The word "potential" means "possible as opposed to actual" or "capable of being or becoming." When we say that someone has potential, we usually mean it in a good way. It means that we expect great things from this person. Some sports teams invest millions of dollars in an athlete based upon his potential alone.
Every person has a potential for something good. However, not every person has the same potential. Consider the parable of the talents (Matt. 25:14-30). All three men who were given talents had the potential to make a profit with them. Each man's potential was different because of the number of talents given to him by the master, but the master expected each of them to fulfill their potential with what they had.

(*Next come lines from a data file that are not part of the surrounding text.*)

lemma disc_value_eqI:
  assumes "0 < l" "l \<le> 1" "\<And>i j. 0 \<le> q i j \<and> q i j \<le> 1"
    and fixed_point: "v = val2 (shapley_matrix g q w l v)"
  shows "disc_value g q w l = v"
  unfolding disc_value_def shapley_matrix_def[symmetric]
proof (rule the_equality)
  fix u assume u: "u = val2 (shapley_matrix g q w l u)"
  have "\<bar>u - v\<bar> \<le> (1 - l) * \<bar>u - v\<bar>"
    using val2_shapley_matrix_le[of l q g w u v] val2_shapley_matrix_le[of l q g w v u]
      assms u by (simp add: abs_le_iff abs_minus_commute)
  then have "l * \<bar>u - v\<bar> \<le> 0"
    by (simp add: algebra_simps)
  then show "u = v"
    using \<open>0 < l\<close> by (simp add: mult_le_0_iff)
qed (rule fixed_point)

definition game_payoff :: "nat \<Rightarrow> nat \<Rightarrow> nat \<Rightarrow> real" where
  "game_payoff k = (\<lambda>i j. if i = 0 \<and> j = 0 then 0 else if i = 1 \<and> j = 1 then real k else 1)"

definition game_absorption :: "nat \<Rightarrow> nat \<Rightarrow> nat \<Rightarrow> real" where
  "game_absorption k = (\<lambda>i j. if i = 0 \<and> j = 0 then 1 / real k else 1)"

definition game_absorbing_payoff :: "nat \<Rightarrow> nat \<Rightarrow> nat \<Rightarrow> real" where
  "game_absorbing_payoff k =
     (\<lambda>i j. if i = 1 \<and> j = 1 then real k else if i = 0 \<and> j = 0 then real k else 1)"

lemma game_absorption_bounds: "0 \<le> game_absorption k i j \<and> game_absorption k i j \<le> 1"
  by (cases k) (simp_all add: game_absorption_def)

lemma shapley_matrix_game:
  assumes "1 \<le> k"
  shows "shapley_matrix (game_payoff k) (game_absorption k) (game_absorbing_payoff k) l v =
    (\<lambda>i j. if i = 0 \<and> j = 0 then (1 - l) * (1 + (1 - 1 / real k) * v)
           else if i = 1 \<and> j = 1 then real k else 1)"
proof -
  have "real k \<noteq> 0"
    using assms by simp
  then show ?thesis
    by (auto simp: fun_eq_iff shapley_matrix_def game_payoff_def game_absorption_def
        game_absorbing_payoff_def field_simps)
qed

lemma disc_value_game_one:
  assumes "0 < l" "l \<le> 1"
  shows "disc_value (game_payoff 1) (game_absorption 1) (game_absorbing_payoff 1) l = 1"
proof (rule disc_value_eqI)
  show "1 = val2 (shapley_matrix (game_payoff 1) (game_absorption 1) (game_absorbing_payoff 1) l 1)"
    using assms by (intro val2_eq_one[of 1, symmetric]) (simp_all add: shapley_matrix_game)
qed (use assms game_absorption_bounds in auto)

definition game_discrim :: "nat \<Rightarrow> real \<Rightarrow> real" where
  "game_discrim k l = discrim ((1 - l) * (1 - 1 / real k)) ((real k - 2) * l) (1 - (1 - l) * real k)"

definition game_root :: "nat \<Rightarrow> real \<Rightarrow> real" where
  "game_root k l =
     (- ((real k - 2) * l) + sqrt (game_discrim k l)) / (2 * ((1 - l) * (1 - 1 / real k)))"

lemma game_discrim_at_0:
  assumes "1 \<le> k"
  shows "game_discrim k 0 = (2 * (1 - 1 / real k) * sqrt (real k))\<^sup>2"
proof -
  have sqrt_sq: "4 * c * (c * x) = (2 * c * sqrt x)\<^sup>2" if "0 \<le> x" for c x :: real
    using that by (simp add: power_mult_distrib power2_eq_square)
  have "game_discrim k 0 = 4 * (1 - 1 / real k) * ((1 - 1 / real k) * real k)"
    using assms by (simp add: game_discrim_def discrim_def field_simps)
  also have "\<dots> = (2 * (1 - 1 / real k) * sqrt (real k))\<^sup>2"
    by (rule sqrt_sq) simp
  finally show ?thesis .
qed

lemma isCont_game_discrim: "isCont (game_discrim k) l"
  unfolding game_discrim_def discrim_def by (intro continuous_intros)

lemma game_root_tendsto:
  assumes "2 \<le> k"
  shows "(game_root k \<longlongrightarrow> sqrt (real k)) (at_right 0)"
proof -
  define c where "c = 1 - 1 / real k"
  have c: "0 < c"
    using assms by (simp add: c_def)
  then have cont: "isCont (game_root k) 0"
    unfolding game_root_def[abs_def] c_def[symmetric] by (intro continuous_intros isCont_game_discrim) auto
  have "game_root k 0 = sqrt ((2 * c * sqrt (real k))\<^sup>2) / (2 * c)"
    using assms by (simp add: game_root_def game_discrim_at_0 c_def)
  also have "\<dots> = sqrt (real k)"
    using c by (simp add: abs_mult)
  finally show ?thesis
    using cont unfolding isCont_def by (metis tendsto_within_subset subset_UNIV)
qed

lemma disc_value_game_eq_root:
  assumes "2 \<le> k" "0 < l" "l < 1" "0 \<le> game_discrim k l"
    and absorbing: "1 < (1 - l) * (1 + (1 - 1 / real k) * game_root k l)"
  shows "disc_value (game_payoff k) (game_absorption k) (game_absorbing_payoff k) l = game_root k l"
proof (rule disc_value_eqI)
  define K c where "K = real k" and "c = 1 - 1 / real k"
  define a where "a = (1 - l) * (1 + c * game_root k l)"
  have K: "2 \<le> K" and c: "c \<noteq> 0" "c * K = K - 1"
    using assms by (auto simp: K_def c_def field_simps)
  have "(1 - l) * c * (game_root k l)\<^sup>2 + (K - 2) * l * game_root k l + (1 - (1 - l) * K) = 0"
    using assms c by (subst discriminant_nonneg) (auto simp: K_def c_def game_root_def game_discrim_def)
  then have "game_root k l * (a + K - 2) = a * K - 1"
    using c(2) unfolding a_def by algebra
  moreover have "0 < a + K - 2"
    using absorbing K by (simp add: a_def c_def)
  ultimately have "game_root k l = (a * K - 1) / (a + K - 2)"
    by (simp add: eq_divide_eq)
  also have "\<dots> = val2 (shapley_matrix (game_payoff k) (game_absorption k) (game_absorbing_payoff k) l
      (game_root k l))"
    using assms K by (subst val2_eq_ratio[of K]) (simp_all add: shapley_matrix_game a_def K_def c_def)
  finally show "game_root k l = \<dots>" .
qed (use assms game_absorption_bounds in auto)

lemma disc_value_game_tendsto:
  assumes "2 \<le> k"
  shows "((\<lambda>l. disc_value (game_payoff k) (game_absorption k) (game_absorbing_payoff k) l)
           \<longlongrightarrow> sqrt (real k)) (at_right 0)"
proof -
  define c where "c = 1 - 1 / real k"
  have c: "0 < c"
    using assms by (simp add: c_def)
  have lim_discrim: "(game_discrim k \<longlongrightarrow> game_discrim k 0) (at_right 0)"
    using isCont_game_discrim unfolding isCont_def by (metis tendsto_within_subset subset_UNIV)
  have "game_discrim k 0 = (2 * c * sqrt (real k))\<^sup>2"
    using assms by (simp add: game_discrim_at_0 c_def)
  with assms c have discrim_pos: "\<forall>\<^sub>F l in at_right 0. 0 < game_discrim k l"
    by (intro order_tendstoD(1)[OF lim_discrim]) simp
  have "((\<lambda>l. (1 - l) * (1 + c * game_root k l)) \<longlongrightarrow> (1 - 0) * (1 + c * sqrt (real k))) (at_right 0)"
    using assms by (intro tendsto_intros game_root_tendsto)
  moreover have "1 < (1 - 0) * (1 + c * sqrt (real k))"
    using assms c by (simp add: mult_pos_pos)
  ultimately have absorbing: "\<forall>\<^sub>F l in at_right 0. 1 < (1 - l) * (1 + c * game_root k l)"
    by (rule order_tendstoD(1))
  have small: "\<forall>\<^sub>F l in at_right 0. 0 < l \<and> l < (1::real)"
    unfolding eventually_at_right_field by (intro exI[of _ 1]) auto
  from discrim_pos absorbing small have "\<forall>\<^sub>F l in at_right 0.
      disc_value (game_payoff k) (game_absorption k) (game_absorbing_payoff k) l = game_root k l"
    by eventually_elim (use assms in \<open>auto simp: c_def intro: disc_value_game_eq_root\<close>)
  with game_root_tendsto[OF assms] show ?thesis
    by (simp add: tendsto_cong)
qed

theorem theorem3:
  fixes k :: nat
  assumes "k \<ge> 1"
  shows "((\<lambda>l. disc_value
            (\<lambda>i j. if i = 0 \<and> j = 0 then 0 else if i = 1 \<and> j = 1 then real k else 1)
            (\<lambda>i j. if i = 0 \<and> j = 0 then 1 / real k else 1)
            (\<lambda>i j. if i = 1 \<and> j = 1 then real k else if i = 0 \<and> j = 0 then real k else 1) l)
          \<longlongrightarrow> sqrt (real k)) (at_right 0)"
proof -
  have "((\<lambda>l. disc_value (game_payoff k) (game_absorption k) (game_absorbing_payoff k) l)
           \<longlongrightarrow> sqrt (real k)) (at_right 0)"
  proof (cases "k = 1")
    case True
    have "\<forall>\<^sub>F l in at_right 0.
        disc_value (game_payoff k) (game_absorption k) (game_absorbing_payoff k) l = 1"
      unfolding eventually_at_right_field True
      by (intro exI[of _ 1] conjI allI impI disc_value_game_one) auto
    with True show ?thesis
      by (simp add: tendsto_cong)
  next
    case False
    with assms show ?thesis
      by (intro disc_value_game_tendsto) simp
  qed
  then show ?thesis
    unfolding game_payoff_def game_absorption_def game_absorbing_payoff_def .
qed

end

With potential always comes expectations. These expectations are reasonable according to what one's potential is. In the parable, the man who received five talents and the man who received two talents fulfilled their potential with those talents. The master was equally pleased with both of them and gave them the same reward even though one had profited more than the other (verses 21,23). However, the man who received one talent failed to reach his potential, and the master rebuked him and punished him for not meeting expectations (verses 26-30).
The point of the parable is that God has given each person a potential to do good, and He expects the same effort from everybody. Effort is what turns potential into reality. In the parable, the master calls the man given one talent a "wicked, lazy slave" because he did not make the effort to do his master's will (verse 26). The achievement of fulfilling potential will not happen unless the one to whom God has given potential works to meet God's expectations.

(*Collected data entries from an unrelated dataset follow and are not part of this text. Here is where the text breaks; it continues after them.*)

lemma sum_Pow_alternating_eq_0:
  assumes "finite N" "e \<in> N" "\<And>L. L \<subseteq> N - {e} \<Longrightarrow> P (insert e L) \<longleftrightarrow> P L"
  shows "(\<Sum>L\<in>Pow N. if P L then (-1) ^ card L else (0::'k::comm_ring_1)) = 0"
proof -
  have N: "N = insert e (N - {e})"
    using assms(2) by blast
  have "card (insert e L) = Suc (card L)" if "L \<subseteq> N - {e}" for L
    using that assms(1) by (meson DiffD2 card_insert_disjoint finite_Diff finite_subset insertI1 subsetD)
  then show ?thesis
    using assms(1,3) by (subst N, subst sum_Pow_insert) (auto intro: sum.neutral)
qed

lemma bracket_before_insert:
  "e \<notin> L \<Longrightarrow> (a = e \<Longrightarrow> e < b) \<Longrightarrow> (b = e \<Longrightarrow> e < a) \<Longrightarrow>
    bracket_before (insert e L) a b \<longleftrightarrow> bracket_before L a b"
  by (auto simp: bracket_before_def)

lemma admissible_insert_iff:
  assumes g: "g permutes {1..n}" and e: "e \<notin> L"
    and least: "\<And>c. c \<in> {1..n} \<Longrightarrow> block_index (SetC \<beta>) c = block_index (SetC \<beta>) e \<Longrightarrow>
      block_index I (inv g c) = block_index I (inv g e) \<Longrightarrow> e \<le> c"
  shows "admissible n \<beta> I g (insert e L) \<longleftrightarrow> admissible n \<beta> I g L"
  unfolding admissible_def comp_before_def
proof (intro ball_cong refl imp_cong, elim conjE)
  let ?b = "block_index (SetC \<beta>)"
  fix j j' assume j: "j \<in> {1..n}" "j' \<in> {1..n}" "j < j'" "block_index I j = block_index I j'"
  have "g j \<noteq> g j'"
    using j(3) permutes_inj[OF g] by (auto dest: injD)
  moreover have "g j \<in> {1..n}" "g j' \<in> {1..n}"
    using j permutes_in_image[OF g] by auto
  moreover have "block_index I (inv g (g j)) = block_index I (inv g (g j'))"
    using j(4) by (simp add: permutes_inverses(2)[OF g])
  ultimately have "?b (g j) = ?b (g j') \<Longrightarrow>
      bracket_before (insert e L) (g j) (g j') \<longleftrightarrow> bracket_before L (g j) (g j')"
    using least[of "g j"] least[of "g j'"] e by (intro bracket_before_insert) (auto simp: le_neq_trans)
  then show "(?b (g j) < ?b (g j') \<or> ?b (g j) = ?b (g j') \<and> bracket_before (insert e L) (g j) (g j')) \<longleftrightarrow>
      (?b (g j) < ?b (g j') \<or> ?b (g j) = ?b (g j') \<and> bracket_before L (g j) (g j'))"
    by blast
qed

lemma sum_admissible_eq_0_if_split:
  assumes pos: "0 \<notin> set \<beta>" and n: "sum_list \<beta> = n" and g: "g permutes {1..n}"
    and ab: "a \<in> {1..n}" "b \<in> {1..n}" "block_index (SetC \<beta>) a = block_index (SetC \<beta>) b"
      "block_index I (inv g a) \<noteq> block_index I (inv g b)"
  shows "(\<Sum>L\<in>Pow (part_tails \<beta>). if admissible n \<beta> I g L then (-1) ^ card L else (0::'k::comm_ring_1)) = 0"
proof -
  let ?blk = "block_index (SetC \<beta>)"
  define lab where "lab x = block_index I (inv g x)" for x
  define B where "B = {x \<in> {1..n}. ?blk x = ?blk a}"
  define m where "m = Min B"
  have "finite B" "a \<in> B" "b \<in> B"
    using ab by (auto simp: B_def)
  then have m: "m \<in> B" "\<And>x. x \<in> B \<Longrightarrow> m \<le> x"
    unfolding m_def by (auto intro: Min_in)
  obtain c where c: "c \<in> B" "lab c \<noteq> lab m"
    using \<open>a \<in> B\<close> \<open>b \<in> B\<close> ab(4) unfolding lab_def by metis
  text \<open>The least letter \<open>e\<close> of its label class inside the block \<open>B\<close> is not the minimum of \<open>B\<close>,
    so it may be toggled in \<open>L\<close>.\<close>
  define E where "E = {x \<in> B. lab x = lab c}"
  define e where "e = Min E"
  have "finite E" "c \<in> E"
    using \<open>finite B\<close> c by (auto simp: E_def)
  then have e: "e \<in> E" "\<And>x. x \<in> E \<Longrightarrow> e \<le> x"
    unfolding e_def by (auto intro: Min_in)
  have "e \<in> B" "lab e \<noteq> lab m"
    using e(1) c(2) by (auto simp: E_def)
  then have "m < e"
    using m(2)[of e] by (cases "m = e") auto
  then have "e \<in> part_tails \<beta>"
    using \<open>e \<in> B\<close> m(1) unfolding mem_part_tails_iff[OF pos] n by (auto simp: B_def)
  moreover have "admissible n \<beta> I g (insert e L) \<longleftrightarrow> admissible n \<beta> I g L" if "L \<subseteq> part_tails \<beta> - {e}" for L
    using that e by (intro admissible_insert_iff[OF g]) (auto simp: E_def B_def lab_def)
  ultimately show ?thesis
    by (intro sum_Pow_alternating_eq_0) (simp_all add: part_tails_def)
qed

Every person has the potential to obtain forgiveness of sins and salvation from death. God has made this possible through the giving of His own Son on the cross. However, God still has expectations for every person in order for that person to achieve eternal life. Just as the three men in the parable knew what their master's expectations were (verses 24, 26), we also know what God's expectations are because he has told us through His word. So, we have no excuses for failing to meet our potentials.

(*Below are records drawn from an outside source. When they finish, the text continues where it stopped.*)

(* Let $a\in C[0,1]$ change sign in $(0,1)$, and let $\Omega_-:=a^{-1}((-\infty,0))\subset[0,1]$. For every $\lambda<\pi^2$, let $u_\lambda$ be a positive solution of $$-u''=\lambda u+a(x)u^2\ \text{ in }(0,1),\qquad u(0)=u(1)=0.$$ Then $$\lim_{\lambda\downarrow-\infty}u_\lambda(x)=0\quad\text{for all }x\in\Omega_-,$$ uniformly on compact subintervals of $\Omega_-$. *)

theory Defs
  imports "HOL-Analysis.Analysis"
begin

definition is_pos_solution :: "(real \<Rightarrow> real) \<Rightarrow> real \<Rightarrow> (real \<Rightarrow> real) \<Rightarrow> bool" where
  "is_pos_solution a lam u \<longleftrightarrow>
     continuous_on {0..1} u \<and> u 0 = 0 \<and> u 1 = 0 \<and>
     (\<forall>x\<in>{0<..<1}. u x > 0) \<and>
     (\<exists>u' u''. \<forall>x\<in>{0<..<1}.
        (u has_real_derivative u' x) (at x) \<and>
        (u' has_real_derivative u'' x) (at x) \<and>
        - u'' x = lam * u x + a x * (u x)^2)"

definition Omega_minus :: "(real \<Rightarrow> real) \<Rightarrow> real set" where
  "Omega_minus a = {x \<in> {0..1}. a x < 0}"

end

theory Submission
  imports Defs "HOL-Real_Asymp.Real_Asymp"
begin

Young people must especially keep in mind that potential is not achievement. Often a young person who has a tremendous potential for doing good will receive bountiful praise and encouragement from others for his potential. If he becomes satisfied with this praise, he may never accomplish his potential. He must remember that the fact that he has potential means that he has not done anything yet.
When opportunities have passed, potential is remembered as a burden if it was not accomplished, and it is remembered as blessing if it was achieved. When your opportunities have passed, how will you remember your potential? Make it a blessing, and achieve what God expects of you now while you can, before He comes to settle His account with you.